# [About this exercise]
Transcribe exactly everything in the data below from the line containing "simp: PP_set_def c_def)" down to the line containing "[(\<Gamma>, \<phi>)] (\<Gamma>, Or", both lines included and nothing further.

# [Data supplied]
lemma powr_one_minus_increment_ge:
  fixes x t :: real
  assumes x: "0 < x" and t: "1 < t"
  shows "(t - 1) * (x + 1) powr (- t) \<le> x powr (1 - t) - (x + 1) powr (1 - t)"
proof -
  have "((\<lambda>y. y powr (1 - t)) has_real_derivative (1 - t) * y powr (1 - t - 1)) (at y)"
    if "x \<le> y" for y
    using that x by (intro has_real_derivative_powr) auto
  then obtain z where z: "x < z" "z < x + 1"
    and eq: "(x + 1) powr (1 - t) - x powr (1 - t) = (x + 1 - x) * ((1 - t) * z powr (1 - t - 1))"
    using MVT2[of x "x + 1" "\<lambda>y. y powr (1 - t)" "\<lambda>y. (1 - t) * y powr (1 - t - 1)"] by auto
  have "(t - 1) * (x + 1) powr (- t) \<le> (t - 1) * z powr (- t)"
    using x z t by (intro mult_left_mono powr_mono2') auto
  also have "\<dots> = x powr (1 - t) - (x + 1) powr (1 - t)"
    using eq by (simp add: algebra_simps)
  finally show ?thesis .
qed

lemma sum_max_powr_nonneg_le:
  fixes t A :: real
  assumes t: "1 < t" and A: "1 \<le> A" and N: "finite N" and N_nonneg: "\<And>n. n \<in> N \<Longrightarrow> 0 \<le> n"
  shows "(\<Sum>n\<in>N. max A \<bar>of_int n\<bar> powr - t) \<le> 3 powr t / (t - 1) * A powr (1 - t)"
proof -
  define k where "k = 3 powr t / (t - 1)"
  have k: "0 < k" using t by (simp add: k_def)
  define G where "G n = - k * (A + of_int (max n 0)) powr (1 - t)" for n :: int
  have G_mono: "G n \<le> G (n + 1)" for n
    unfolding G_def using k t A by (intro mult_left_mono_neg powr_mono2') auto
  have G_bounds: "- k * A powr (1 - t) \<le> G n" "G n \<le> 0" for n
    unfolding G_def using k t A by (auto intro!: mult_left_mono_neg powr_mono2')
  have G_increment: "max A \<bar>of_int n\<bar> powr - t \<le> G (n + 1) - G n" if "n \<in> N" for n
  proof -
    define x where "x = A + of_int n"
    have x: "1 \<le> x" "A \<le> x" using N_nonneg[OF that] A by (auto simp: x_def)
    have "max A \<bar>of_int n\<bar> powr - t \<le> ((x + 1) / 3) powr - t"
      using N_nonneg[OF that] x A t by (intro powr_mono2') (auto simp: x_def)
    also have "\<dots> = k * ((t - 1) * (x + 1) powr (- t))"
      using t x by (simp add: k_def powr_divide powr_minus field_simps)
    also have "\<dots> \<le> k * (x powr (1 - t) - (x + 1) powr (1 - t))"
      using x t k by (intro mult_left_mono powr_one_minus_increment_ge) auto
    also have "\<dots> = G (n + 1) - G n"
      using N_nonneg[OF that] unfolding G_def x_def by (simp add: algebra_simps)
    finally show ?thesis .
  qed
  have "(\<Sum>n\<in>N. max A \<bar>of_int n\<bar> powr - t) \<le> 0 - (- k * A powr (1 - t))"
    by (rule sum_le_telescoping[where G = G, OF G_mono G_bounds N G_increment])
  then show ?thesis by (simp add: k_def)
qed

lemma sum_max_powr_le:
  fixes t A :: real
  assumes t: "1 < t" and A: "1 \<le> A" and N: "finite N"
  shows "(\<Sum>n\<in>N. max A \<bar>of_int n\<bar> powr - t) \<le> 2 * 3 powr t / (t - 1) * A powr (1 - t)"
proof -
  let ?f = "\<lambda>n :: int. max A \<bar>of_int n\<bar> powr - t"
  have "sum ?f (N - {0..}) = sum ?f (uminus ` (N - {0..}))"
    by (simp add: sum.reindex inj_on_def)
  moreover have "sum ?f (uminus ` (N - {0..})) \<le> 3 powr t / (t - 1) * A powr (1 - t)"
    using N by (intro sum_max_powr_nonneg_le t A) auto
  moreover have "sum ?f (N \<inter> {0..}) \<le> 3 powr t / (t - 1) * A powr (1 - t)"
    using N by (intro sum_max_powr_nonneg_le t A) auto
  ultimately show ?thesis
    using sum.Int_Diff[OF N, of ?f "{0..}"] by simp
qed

...

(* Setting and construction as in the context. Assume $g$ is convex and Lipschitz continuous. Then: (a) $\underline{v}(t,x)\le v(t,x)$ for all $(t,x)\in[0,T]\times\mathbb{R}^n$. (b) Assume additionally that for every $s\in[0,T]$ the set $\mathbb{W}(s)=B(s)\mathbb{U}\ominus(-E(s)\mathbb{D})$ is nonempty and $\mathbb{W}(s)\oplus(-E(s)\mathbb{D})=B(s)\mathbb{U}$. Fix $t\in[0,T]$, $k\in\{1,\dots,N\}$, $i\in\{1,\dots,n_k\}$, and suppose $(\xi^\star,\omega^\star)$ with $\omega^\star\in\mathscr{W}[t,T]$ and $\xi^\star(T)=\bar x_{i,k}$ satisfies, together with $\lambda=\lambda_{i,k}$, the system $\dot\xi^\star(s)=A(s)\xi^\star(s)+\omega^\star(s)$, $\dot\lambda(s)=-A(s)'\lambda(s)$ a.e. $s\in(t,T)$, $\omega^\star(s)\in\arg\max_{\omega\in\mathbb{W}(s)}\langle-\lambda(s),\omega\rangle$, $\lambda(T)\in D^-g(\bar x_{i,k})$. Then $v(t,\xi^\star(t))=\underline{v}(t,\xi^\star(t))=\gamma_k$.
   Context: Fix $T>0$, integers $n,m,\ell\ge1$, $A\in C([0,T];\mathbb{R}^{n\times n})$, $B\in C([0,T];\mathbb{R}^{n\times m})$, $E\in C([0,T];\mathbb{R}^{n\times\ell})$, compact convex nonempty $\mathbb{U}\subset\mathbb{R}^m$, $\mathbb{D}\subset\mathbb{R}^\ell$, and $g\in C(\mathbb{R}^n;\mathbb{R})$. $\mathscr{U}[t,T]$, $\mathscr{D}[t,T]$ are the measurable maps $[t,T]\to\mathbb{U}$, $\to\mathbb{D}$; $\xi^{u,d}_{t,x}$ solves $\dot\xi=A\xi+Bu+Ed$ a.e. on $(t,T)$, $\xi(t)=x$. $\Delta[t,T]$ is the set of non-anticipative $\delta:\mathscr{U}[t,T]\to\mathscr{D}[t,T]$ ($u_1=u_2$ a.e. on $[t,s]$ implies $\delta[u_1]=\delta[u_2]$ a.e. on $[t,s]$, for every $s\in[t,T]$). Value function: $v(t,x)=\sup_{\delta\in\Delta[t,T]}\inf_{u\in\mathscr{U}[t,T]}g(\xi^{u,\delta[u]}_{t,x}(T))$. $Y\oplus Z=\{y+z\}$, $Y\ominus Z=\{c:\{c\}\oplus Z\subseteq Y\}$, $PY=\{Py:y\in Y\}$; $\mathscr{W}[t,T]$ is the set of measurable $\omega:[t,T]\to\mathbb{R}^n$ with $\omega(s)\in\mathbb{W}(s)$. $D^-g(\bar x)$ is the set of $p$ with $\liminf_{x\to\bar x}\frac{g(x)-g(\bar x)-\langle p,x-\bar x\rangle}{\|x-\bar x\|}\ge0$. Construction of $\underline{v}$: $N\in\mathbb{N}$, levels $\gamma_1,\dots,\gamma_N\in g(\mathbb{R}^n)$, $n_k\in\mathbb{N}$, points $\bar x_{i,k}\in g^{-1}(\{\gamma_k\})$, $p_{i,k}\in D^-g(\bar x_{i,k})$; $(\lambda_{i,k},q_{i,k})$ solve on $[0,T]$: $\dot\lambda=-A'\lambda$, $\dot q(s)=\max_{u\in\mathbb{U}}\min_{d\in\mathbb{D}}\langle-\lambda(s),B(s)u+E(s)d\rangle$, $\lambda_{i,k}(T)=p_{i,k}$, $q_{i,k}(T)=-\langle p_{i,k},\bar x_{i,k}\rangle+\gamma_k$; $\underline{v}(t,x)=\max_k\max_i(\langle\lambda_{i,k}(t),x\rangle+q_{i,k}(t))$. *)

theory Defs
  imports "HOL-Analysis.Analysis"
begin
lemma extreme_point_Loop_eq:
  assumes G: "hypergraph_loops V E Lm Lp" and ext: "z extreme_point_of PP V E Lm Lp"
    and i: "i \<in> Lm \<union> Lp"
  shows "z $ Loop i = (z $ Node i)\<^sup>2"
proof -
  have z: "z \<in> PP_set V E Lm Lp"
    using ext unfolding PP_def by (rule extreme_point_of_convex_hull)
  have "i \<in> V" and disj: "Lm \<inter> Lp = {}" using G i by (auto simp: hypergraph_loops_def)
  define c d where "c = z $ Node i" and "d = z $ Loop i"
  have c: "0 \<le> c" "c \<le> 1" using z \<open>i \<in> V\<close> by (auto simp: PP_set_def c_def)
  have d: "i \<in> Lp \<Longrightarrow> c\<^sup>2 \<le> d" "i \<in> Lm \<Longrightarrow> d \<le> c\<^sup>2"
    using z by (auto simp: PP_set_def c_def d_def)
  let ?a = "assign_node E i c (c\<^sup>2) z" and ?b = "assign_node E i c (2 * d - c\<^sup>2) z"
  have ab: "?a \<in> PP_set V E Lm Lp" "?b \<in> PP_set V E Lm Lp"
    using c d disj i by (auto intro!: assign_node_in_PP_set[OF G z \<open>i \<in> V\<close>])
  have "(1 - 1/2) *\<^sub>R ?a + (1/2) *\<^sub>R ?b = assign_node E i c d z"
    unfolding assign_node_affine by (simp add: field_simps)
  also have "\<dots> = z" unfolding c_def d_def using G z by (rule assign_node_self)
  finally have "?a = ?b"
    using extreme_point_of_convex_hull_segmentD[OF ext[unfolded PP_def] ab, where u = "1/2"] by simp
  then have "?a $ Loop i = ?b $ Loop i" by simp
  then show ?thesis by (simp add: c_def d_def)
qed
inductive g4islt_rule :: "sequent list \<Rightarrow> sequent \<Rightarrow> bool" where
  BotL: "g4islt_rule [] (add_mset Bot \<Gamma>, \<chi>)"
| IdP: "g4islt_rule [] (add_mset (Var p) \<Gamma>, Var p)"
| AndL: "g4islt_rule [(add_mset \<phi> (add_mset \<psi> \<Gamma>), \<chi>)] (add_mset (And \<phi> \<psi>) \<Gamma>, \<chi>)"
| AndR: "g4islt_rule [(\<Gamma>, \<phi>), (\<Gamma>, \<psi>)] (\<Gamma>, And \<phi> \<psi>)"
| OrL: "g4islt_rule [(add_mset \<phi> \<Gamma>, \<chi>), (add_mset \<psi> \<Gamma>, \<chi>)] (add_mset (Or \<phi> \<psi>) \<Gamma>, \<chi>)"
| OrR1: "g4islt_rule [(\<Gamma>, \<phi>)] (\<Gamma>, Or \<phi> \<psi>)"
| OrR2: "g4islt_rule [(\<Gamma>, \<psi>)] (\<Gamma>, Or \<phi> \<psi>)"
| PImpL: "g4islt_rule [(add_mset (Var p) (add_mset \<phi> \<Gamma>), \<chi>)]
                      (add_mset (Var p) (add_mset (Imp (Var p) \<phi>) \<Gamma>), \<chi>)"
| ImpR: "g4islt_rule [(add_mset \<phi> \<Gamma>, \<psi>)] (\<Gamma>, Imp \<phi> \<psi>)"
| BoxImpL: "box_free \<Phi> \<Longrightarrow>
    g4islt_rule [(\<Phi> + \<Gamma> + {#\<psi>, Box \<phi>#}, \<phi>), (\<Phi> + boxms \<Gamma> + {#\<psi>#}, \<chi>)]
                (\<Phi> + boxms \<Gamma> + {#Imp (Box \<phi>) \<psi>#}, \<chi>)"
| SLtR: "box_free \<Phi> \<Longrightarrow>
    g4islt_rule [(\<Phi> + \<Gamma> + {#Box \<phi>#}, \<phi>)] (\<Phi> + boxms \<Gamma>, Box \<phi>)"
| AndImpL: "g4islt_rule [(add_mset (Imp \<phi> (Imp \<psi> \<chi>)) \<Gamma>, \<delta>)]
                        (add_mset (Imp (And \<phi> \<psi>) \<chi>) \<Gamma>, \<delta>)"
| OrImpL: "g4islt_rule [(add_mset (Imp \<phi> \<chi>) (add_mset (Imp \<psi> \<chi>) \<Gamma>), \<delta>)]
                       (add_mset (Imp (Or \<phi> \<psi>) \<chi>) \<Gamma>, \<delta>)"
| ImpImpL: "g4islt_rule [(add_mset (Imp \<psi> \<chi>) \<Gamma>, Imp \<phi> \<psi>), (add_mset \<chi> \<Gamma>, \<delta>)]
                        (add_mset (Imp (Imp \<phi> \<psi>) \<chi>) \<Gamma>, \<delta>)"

...

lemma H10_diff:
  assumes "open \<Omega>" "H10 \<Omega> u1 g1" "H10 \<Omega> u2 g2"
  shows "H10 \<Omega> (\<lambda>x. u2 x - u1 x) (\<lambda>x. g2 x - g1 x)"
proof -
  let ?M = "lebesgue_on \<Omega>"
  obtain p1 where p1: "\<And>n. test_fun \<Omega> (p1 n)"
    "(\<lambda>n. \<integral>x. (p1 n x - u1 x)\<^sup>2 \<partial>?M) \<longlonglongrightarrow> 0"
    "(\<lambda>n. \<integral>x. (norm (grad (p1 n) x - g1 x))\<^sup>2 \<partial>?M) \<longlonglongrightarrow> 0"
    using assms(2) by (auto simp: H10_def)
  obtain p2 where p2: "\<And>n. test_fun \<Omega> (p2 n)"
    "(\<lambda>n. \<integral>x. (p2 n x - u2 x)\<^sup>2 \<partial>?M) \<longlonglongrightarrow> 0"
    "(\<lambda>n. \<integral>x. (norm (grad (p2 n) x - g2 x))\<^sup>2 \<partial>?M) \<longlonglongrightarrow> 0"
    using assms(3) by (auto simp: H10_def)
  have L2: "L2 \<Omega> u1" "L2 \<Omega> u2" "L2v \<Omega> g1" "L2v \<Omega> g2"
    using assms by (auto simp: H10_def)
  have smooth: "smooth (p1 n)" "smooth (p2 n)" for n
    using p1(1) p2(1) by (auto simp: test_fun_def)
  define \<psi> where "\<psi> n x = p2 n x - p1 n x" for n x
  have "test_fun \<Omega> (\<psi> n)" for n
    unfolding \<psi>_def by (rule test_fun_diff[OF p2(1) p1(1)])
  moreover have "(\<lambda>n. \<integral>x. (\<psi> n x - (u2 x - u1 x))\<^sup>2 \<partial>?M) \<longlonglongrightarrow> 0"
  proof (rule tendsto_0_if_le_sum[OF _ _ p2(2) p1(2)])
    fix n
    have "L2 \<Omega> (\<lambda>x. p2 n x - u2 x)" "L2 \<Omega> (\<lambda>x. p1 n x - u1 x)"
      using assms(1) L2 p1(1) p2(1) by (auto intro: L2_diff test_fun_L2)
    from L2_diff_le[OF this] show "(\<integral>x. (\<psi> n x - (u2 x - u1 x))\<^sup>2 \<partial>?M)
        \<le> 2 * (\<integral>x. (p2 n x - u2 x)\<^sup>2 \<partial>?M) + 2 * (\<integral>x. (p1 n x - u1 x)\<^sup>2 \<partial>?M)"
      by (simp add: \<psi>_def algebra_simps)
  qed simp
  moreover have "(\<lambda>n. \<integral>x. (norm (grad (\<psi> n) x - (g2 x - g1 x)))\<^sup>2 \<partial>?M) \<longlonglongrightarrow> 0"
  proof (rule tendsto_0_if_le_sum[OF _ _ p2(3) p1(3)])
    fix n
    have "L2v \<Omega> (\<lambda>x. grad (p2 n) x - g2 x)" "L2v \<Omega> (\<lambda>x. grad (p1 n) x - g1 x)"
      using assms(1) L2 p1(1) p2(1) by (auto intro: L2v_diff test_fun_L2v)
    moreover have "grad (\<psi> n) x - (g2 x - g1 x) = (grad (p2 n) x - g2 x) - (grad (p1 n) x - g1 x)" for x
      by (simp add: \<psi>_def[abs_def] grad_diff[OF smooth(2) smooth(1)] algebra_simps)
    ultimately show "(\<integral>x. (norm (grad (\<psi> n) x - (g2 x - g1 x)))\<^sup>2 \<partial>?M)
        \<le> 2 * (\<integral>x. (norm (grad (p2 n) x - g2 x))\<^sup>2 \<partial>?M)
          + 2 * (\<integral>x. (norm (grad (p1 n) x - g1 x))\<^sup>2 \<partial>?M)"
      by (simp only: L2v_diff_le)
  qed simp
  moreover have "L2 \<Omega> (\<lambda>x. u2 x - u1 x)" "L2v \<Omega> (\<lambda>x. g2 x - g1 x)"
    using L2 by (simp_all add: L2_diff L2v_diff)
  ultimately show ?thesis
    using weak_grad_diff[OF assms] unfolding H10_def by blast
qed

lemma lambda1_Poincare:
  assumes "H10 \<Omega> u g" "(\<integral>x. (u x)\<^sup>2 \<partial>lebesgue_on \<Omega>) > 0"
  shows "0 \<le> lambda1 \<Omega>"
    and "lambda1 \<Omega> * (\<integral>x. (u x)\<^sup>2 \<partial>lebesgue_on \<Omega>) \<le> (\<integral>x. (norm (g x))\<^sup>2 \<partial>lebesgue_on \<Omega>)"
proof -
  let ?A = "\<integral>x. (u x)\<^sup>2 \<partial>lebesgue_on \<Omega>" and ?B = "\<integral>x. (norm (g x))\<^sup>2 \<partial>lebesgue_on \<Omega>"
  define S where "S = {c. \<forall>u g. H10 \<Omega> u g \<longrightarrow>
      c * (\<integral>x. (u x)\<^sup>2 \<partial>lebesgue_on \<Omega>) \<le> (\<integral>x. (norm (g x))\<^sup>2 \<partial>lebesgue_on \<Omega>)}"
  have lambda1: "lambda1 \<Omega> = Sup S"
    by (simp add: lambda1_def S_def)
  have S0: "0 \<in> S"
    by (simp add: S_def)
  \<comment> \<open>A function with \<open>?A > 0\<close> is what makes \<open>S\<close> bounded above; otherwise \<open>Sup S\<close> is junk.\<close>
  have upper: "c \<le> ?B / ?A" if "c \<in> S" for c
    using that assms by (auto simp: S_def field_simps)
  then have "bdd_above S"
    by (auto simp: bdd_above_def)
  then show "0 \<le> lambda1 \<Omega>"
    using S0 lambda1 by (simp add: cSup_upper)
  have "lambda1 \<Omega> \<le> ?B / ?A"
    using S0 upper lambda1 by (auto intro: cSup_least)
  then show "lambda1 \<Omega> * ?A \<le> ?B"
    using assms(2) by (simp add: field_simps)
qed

# [Written answer]
  have c: "0 \<le> c" "c \<le> 1" using z \<open>i \<in> V\<close> by (auto simp: PP_set_def c_def)
  have d: "i \<in> Lp \<Longrightarrow> c\<^sup>2 \<le> d" "i \<in> Lm \<Longrightarrow> d \<le> c\<^sup>2"
    using z by (auto simp: PP_set_def c_def d_def)
  let ?a = "assign_node E i c (c\<^sup>2) z" and ?b = "assign_node E i c (2 * d - c\<^sup>2) z"
  have ab: "?a \<in> PP_set V E Lm Lp" "?b \<in> PP_set V E Lm Lp"
    using c d disj i by (auto intro!: assign_node_in_PP_set[OF G z \<open>i \<in> V\<close>])
  have "(1 - 1/2) *\<^sub>R ?a + (1/2) *\<^sub>R ?b = assign_node E i c d z"
    unfolding assign_node_affine by (simp add: field_simps)
  also have "\<dots> = z" unfolding c_def d_def using G z by (rule assign_node_self)
  finally have "?a = ?b"
    using extreme_point_of_convex_hull_segmentD[OF ext[unfolded PP_def] ab, where u = "1/2"] by simp
  then have "?a $ Loop i = ?b $ Loop i" by simp
  then show ?thesis by (simp add: c_def d_def)
qed
inductive g4islt_rule :: "sequent list \<Rightarrow> sequent \<Rightarrow> bool" where
  BotL: "g4islt_rule [] (add_mset Bot \<Gamma>, \<chi>)"
| IdP: "g4islt_rule [] (add_mset (Var p) \<Gamma>, Var p)"
| AndL: "g4islt_rule [(add_mset \<phi> (add_mset \<psi> \<Gamma>), \<chi>)] (add_mset (And \<phi> \<psi>) \<Gamma>, \<chi>)"
| AndR: "g4islt_rule [(\<Gamma>, \<phi>), (\<Gamma>, \<psi>)] (\<Gamma>, And \<phi> \<psi>)"
| OrL: "g4islt_rule [(add_mset \<phi> \<Gamma>, \<chi>), (add_mset \<psi> \<Gamma>, \<chi>)] (add_mset (Or \<phi> \<psi>) \<Gamma>, \<chi>)"
| OrR1: "g4islt_rule [(\<Gamma>, \<phi>)] (\<Gamma>, Or \<phi> \<psi>)"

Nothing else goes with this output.